>>>

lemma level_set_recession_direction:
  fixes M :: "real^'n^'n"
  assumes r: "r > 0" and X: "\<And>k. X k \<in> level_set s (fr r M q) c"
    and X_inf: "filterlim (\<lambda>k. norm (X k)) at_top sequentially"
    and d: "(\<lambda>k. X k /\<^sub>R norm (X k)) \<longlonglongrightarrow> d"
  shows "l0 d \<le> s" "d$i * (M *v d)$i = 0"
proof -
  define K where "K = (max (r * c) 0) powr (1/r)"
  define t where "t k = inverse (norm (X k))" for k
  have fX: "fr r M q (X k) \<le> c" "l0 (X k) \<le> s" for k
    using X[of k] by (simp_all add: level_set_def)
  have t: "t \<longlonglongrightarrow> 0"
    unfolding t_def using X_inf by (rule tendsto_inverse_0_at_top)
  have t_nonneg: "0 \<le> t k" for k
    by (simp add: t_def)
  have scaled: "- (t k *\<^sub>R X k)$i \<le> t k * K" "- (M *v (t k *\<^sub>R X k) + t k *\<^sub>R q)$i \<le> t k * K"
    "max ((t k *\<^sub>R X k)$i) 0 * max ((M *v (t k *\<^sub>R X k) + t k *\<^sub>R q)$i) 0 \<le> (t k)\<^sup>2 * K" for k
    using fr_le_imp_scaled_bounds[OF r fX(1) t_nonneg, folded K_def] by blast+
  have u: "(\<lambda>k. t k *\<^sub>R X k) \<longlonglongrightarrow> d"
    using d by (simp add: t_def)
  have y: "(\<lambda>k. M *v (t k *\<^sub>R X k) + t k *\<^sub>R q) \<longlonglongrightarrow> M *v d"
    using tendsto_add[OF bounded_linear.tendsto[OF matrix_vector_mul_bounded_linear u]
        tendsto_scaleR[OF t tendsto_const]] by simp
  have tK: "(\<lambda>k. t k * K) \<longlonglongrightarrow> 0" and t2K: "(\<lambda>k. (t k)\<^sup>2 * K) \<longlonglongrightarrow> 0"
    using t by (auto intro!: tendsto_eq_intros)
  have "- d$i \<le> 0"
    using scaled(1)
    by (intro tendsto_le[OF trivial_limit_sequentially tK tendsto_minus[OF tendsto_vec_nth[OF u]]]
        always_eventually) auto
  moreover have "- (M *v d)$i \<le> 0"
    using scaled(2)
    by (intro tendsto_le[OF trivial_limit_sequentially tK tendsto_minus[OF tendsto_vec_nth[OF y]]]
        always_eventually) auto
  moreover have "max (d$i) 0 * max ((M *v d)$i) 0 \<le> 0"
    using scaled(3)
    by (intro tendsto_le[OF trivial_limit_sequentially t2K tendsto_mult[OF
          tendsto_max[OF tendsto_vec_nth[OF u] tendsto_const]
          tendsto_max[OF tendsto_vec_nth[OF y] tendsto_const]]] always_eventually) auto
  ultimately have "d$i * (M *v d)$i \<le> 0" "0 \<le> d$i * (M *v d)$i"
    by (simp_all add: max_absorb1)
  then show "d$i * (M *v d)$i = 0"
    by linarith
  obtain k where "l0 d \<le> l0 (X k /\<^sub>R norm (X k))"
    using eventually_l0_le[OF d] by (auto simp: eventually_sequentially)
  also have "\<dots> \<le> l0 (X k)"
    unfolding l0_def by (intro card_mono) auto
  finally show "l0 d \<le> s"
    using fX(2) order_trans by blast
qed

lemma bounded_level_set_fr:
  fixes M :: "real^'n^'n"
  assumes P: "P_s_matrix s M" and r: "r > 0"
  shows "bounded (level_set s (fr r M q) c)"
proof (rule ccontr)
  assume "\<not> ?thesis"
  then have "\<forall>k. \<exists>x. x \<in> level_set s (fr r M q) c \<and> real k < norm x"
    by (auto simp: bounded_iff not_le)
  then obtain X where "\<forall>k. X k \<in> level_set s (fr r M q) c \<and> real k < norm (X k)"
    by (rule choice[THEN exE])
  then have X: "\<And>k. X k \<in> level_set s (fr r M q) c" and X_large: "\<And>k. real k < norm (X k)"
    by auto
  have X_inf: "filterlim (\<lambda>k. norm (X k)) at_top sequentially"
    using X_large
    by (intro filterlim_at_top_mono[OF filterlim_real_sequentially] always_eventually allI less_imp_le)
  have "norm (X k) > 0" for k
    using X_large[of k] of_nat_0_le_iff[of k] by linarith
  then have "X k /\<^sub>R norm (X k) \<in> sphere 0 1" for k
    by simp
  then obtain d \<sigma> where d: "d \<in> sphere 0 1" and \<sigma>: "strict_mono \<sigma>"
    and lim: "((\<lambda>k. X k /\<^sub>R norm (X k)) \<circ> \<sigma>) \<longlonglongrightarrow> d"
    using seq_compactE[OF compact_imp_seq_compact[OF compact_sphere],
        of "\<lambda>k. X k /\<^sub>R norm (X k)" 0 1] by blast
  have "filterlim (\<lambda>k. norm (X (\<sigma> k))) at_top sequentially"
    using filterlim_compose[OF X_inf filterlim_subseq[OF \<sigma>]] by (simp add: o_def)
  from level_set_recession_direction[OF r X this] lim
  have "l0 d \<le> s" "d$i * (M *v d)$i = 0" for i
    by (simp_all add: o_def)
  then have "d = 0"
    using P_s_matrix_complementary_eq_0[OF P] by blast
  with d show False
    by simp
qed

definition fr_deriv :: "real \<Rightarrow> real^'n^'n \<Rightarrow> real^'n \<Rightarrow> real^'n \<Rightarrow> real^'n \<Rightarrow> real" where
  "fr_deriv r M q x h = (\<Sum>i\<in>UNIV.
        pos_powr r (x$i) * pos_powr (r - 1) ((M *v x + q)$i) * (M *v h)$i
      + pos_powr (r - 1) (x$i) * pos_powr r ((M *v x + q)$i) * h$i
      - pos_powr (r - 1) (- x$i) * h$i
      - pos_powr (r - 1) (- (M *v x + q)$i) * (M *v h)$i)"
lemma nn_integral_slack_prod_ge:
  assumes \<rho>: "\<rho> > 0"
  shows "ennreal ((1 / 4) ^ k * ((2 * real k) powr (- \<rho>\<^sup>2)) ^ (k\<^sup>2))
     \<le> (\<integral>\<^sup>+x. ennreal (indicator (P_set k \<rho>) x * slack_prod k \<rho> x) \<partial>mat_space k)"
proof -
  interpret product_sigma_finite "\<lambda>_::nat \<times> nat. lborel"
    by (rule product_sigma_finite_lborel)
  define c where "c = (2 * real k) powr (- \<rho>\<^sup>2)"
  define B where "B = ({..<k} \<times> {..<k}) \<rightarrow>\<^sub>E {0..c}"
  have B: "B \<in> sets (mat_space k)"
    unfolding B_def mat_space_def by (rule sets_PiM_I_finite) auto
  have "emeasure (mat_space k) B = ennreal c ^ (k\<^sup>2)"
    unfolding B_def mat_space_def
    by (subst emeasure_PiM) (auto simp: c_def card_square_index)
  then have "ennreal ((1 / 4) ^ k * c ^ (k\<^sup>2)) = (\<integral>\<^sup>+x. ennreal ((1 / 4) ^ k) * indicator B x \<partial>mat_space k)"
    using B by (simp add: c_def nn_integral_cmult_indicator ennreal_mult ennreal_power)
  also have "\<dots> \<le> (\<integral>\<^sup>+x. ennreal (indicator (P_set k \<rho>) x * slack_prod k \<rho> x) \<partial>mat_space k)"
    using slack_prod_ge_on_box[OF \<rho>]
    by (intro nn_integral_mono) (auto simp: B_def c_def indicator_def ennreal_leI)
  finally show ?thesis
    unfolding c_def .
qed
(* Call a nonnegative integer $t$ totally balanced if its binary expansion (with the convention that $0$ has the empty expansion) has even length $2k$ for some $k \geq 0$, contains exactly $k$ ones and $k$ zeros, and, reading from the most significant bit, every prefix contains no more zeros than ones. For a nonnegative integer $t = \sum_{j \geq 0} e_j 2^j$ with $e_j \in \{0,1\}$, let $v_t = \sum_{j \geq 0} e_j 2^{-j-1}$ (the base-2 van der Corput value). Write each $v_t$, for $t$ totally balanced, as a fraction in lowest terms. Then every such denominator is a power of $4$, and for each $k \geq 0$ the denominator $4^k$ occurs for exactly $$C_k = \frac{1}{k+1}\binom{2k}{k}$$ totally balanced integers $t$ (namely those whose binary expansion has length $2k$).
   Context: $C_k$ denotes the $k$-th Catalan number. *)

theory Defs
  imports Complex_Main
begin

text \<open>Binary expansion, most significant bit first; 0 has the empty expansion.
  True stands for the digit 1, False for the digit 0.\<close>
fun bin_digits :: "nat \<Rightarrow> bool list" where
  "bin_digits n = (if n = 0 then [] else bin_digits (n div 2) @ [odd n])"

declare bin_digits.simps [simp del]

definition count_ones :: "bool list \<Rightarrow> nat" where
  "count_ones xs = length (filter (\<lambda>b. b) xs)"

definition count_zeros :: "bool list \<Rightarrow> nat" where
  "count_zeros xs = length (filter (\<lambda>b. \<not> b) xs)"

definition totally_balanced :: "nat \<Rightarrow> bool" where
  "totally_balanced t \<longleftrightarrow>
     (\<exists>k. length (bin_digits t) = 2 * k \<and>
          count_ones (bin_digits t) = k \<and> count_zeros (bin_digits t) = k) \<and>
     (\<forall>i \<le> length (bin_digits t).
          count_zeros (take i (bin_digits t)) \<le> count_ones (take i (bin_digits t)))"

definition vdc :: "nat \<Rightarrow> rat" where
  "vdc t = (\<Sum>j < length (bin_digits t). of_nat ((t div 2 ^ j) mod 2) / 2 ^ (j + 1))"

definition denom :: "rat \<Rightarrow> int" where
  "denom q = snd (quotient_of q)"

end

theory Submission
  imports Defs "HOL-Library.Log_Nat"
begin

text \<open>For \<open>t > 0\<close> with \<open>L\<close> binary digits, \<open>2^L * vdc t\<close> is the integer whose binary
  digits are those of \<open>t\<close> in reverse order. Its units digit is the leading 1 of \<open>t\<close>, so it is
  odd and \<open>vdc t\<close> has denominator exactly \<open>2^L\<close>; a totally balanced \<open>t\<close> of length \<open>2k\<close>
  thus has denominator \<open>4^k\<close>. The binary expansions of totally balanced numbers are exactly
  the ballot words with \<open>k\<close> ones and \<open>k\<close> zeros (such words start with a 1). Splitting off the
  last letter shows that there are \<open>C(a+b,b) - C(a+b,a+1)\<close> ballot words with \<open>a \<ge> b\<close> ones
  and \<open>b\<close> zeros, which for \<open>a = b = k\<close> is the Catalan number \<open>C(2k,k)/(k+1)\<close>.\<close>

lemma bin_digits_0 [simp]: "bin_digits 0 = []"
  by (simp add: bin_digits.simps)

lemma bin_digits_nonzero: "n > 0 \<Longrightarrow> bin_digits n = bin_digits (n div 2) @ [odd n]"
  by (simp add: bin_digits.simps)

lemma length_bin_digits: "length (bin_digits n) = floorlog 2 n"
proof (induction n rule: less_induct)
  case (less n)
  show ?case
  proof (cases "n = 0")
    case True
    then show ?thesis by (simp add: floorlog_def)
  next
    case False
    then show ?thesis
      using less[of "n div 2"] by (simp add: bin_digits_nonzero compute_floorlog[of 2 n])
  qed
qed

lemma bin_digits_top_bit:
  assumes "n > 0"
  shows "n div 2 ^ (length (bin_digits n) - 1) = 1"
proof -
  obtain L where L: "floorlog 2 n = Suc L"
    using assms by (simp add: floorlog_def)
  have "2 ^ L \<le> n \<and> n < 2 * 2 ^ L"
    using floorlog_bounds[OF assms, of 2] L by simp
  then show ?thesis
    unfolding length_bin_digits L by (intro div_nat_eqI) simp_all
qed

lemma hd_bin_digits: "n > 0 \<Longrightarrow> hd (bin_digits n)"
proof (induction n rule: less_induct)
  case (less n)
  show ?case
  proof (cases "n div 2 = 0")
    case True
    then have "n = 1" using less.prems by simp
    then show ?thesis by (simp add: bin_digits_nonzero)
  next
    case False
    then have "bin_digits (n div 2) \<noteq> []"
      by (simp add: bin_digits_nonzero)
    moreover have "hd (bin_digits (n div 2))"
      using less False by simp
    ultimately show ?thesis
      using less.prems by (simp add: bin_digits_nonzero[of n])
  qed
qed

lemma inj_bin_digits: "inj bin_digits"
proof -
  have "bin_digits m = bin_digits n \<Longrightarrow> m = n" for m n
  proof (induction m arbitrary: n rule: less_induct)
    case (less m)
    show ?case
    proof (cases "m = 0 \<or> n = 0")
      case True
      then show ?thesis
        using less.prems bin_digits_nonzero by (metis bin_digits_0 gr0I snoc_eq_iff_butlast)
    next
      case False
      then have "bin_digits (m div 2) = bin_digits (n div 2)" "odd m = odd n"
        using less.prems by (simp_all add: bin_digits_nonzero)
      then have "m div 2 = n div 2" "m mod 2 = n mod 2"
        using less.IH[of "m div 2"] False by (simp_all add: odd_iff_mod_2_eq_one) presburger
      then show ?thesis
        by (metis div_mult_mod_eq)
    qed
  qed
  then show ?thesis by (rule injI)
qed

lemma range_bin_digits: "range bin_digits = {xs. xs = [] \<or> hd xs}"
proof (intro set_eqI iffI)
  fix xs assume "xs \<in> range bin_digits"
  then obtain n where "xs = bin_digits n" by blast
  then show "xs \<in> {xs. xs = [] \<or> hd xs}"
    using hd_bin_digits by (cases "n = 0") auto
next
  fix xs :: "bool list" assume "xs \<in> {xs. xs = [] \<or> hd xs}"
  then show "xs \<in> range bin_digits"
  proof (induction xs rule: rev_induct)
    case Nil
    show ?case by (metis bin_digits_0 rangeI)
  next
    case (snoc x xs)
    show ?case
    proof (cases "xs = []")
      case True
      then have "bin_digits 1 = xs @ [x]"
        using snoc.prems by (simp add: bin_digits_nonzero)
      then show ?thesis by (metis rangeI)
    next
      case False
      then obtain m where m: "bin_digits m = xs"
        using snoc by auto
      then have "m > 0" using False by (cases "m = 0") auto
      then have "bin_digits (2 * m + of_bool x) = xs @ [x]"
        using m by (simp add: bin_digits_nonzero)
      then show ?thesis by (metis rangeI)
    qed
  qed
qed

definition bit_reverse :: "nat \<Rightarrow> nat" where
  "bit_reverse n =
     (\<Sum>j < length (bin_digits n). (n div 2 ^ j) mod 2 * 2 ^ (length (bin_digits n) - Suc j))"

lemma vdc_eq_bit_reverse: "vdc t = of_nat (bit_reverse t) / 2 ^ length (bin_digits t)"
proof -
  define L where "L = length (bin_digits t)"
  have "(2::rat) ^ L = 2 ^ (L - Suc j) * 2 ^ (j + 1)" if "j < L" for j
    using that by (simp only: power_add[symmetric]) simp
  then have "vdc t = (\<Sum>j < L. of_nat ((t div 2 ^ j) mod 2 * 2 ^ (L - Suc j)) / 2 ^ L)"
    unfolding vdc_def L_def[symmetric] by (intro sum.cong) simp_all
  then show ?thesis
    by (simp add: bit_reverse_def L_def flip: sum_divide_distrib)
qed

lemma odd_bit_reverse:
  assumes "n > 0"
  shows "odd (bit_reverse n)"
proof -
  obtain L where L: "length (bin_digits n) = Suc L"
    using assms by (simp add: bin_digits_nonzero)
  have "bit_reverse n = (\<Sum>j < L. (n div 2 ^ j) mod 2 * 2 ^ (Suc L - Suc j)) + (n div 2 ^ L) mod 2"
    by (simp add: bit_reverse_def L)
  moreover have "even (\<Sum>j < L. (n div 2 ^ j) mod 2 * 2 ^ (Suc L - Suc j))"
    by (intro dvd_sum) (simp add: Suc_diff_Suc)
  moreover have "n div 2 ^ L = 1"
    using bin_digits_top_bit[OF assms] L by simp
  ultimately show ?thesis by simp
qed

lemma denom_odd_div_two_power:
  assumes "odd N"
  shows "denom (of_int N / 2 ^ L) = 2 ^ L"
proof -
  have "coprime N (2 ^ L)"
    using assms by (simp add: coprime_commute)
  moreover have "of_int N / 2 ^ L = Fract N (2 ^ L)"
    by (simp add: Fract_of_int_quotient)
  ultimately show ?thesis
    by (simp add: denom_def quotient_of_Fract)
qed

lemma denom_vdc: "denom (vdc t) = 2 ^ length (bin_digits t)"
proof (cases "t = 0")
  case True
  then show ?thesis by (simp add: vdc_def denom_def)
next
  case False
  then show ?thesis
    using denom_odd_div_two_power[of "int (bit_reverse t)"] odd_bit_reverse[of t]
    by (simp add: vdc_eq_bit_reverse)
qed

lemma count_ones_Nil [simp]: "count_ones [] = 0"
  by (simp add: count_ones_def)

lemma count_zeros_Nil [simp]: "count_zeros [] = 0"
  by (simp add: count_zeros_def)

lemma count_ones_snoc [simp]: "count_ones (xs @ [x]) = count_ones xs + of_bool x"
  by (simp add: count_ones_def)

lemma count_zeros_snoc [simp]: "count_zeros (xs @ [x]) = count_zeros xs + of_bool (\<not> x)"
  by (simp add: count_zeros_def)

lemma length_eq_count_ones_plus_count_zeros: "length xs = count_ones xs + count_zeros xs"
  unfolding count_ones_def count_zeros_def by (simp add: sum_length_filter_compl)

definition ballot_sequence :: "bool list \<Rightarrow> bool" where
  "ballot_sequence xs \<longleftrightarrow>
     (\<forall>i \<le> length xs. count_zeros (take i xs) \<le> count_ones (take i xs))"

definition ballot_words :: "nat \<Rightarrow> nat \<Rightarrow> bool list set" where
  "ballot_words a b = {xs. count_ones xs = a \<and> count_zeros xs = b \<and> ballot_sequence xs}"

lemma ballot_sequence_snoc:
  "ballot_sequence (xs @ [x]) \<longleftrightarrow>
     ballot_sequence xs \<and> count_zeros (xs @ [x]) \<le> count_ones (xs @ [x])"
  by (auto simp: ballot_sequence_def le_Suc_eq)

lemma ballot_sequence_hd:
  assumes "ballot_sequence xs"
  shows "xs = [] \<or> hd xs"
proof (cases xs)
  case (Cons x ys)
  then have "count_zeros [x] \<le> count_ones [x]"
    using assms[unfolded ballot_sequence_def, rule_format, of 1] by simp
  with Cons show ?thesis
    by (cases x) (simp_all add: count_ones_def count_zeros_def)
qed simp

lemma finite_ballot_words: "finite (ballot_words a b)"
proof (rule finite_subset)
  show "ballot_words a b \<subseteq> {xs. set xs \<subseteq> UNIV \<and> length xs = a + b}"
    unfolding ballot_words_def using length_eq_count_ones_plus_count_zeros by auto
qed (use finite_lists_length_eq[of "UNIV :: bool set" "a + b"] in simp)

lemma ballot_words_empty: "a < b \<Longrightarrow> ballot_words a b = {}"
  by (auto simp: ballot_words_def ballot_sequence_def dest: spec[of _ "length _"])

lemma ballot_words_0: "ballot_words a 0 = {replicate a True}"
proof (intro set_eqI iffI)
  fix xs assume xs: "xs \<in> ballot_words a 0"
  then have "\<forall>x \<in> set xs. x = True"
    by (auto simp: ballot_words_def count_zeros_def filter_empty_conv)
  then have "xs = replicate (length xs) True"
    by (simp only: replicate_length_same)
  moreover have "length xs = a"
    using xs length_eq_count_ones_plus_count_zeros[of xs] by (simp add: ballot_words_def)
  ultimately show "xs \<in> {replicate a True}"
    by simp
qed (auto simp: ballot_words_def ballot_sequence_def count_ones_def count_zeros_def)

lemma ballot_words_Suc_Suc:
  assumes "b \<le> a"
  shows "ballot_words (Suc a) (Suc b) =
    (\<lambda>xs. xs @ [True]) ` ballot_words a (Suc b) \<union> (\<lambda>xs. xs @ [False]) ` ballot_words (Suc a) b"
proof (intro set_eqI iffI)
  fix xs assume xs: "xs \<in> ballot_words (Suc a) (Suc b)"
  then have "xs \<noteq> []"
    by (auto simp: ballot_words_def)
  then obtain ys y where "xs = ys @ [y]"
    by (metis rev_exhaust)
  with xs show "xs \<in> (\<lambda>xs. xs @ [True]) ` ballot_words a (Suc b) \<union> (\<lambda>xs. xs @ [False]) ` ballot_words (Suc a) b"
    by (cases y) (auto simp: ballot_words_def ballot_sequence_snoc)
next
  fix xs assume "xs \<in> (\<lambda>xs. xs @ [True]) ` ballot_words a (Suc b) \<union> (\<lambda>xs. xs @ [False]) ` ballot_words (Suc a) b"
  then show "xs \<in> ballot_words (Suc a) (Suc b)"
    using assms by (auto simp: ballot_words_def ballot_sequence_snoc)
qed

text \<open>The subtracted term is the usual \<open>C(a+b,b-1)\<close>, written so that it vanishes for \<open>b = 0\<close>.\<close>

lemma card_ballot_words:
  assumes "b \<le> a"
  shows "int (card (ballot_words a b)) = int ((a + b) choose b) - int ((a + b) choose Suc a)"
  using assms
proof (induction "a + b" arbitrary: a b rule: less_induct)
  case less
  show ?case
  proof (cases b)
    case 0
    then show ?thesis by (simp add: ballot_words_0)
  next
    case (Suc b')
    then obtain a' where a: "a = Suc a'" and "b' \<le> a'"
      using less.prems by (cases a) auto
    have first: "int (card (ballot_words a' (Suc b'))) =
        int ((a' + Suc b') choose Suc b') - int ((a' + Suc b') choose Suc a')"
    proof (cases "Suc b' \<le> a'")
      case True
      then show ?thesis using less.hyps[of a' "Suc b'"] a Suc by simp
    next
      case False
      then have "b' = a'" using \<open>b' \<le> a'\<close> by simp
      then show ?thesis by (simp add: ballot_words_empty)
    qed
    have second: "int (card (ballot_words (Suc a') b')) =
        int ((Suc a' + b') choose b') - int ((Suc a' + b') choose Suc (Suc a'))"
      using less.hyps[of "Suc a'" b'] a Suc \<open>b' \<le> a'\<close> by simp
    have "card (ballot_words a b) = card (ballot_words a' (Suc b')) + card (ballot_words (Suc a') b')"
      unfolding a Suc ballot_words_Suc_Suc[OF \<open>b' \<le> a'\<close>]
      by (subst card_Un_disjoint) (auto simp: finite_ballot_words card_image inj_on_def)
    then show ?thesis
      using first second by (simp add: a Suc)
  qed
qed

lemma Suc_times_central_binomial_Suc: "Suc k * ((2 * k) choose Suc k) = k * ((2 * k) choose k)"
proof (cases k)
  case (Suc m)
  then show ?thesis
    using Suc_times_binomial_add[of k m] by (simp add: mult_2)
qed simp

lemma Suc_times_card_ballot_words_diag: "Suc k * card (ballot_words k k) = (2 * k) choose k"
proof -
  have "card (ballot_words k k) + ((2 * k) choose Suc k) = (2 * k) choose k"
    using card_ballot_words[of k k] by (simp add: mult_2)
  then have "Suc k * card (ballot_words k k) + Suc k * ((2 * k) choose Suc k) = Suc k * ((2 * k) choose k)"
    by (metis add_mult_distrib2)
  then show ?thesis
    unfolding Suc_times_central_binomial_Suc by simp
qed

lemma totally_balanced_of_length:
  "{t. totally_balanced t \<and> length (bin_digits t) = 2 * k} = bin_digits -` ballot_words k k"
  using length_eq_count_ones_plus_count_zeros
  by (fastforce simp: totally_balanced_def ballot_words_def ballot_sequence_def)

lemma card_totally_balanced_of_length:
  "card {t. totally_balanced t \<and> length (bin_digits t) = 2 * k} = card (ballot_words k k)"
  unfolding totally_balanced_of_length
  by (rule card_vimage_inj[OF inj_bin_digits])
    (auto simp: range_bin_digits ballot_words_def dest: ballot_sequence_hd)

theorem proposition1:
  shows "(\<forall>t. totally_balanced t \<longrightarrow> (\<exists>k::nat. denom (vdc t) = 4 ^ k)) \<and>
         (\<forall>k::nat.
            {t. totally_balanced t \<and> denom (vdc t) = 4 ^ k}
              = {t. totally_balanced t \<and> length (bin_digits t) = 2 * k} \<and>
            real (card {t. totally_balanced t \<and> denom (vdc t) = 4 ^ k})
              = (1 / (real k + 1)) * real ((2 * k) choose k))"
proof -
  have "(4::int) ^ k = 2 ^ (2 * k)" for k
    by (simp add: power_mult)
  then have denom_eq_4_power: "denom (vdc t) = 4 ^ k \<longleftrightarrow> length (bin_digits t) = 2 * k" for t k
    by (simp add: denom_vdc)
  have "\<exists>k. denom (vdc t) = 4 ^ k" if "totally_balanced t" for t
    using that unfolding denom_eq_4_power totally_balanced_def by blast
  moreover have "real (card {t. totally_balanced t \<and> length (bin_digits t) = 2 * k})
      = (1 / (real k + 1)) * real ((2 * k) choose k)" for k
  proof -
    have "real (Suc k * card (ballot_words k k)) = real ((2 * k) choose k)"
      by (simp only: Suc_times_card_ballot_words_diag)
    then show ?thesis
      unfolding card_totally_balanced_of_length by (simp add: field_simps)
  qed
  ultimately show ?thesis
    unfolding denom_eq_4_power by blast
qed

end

<<<

→ Assignment: Which lines above include "longleftrightarrow"? Show each of them by copying it.

→ Answer for the task:
  "totally_balanced t \<longleftrightarrow>
  "ballot_sequence xs \<longleftrightarrow>
  "ballot_sequence (xs @ [x]) \<longleftrightarrow>
  then have denom_eq_4_power: "denom (vdc t) = 4 ^ k \<longleftrightarrow> length (bin_digits t) = 2 * k" for t k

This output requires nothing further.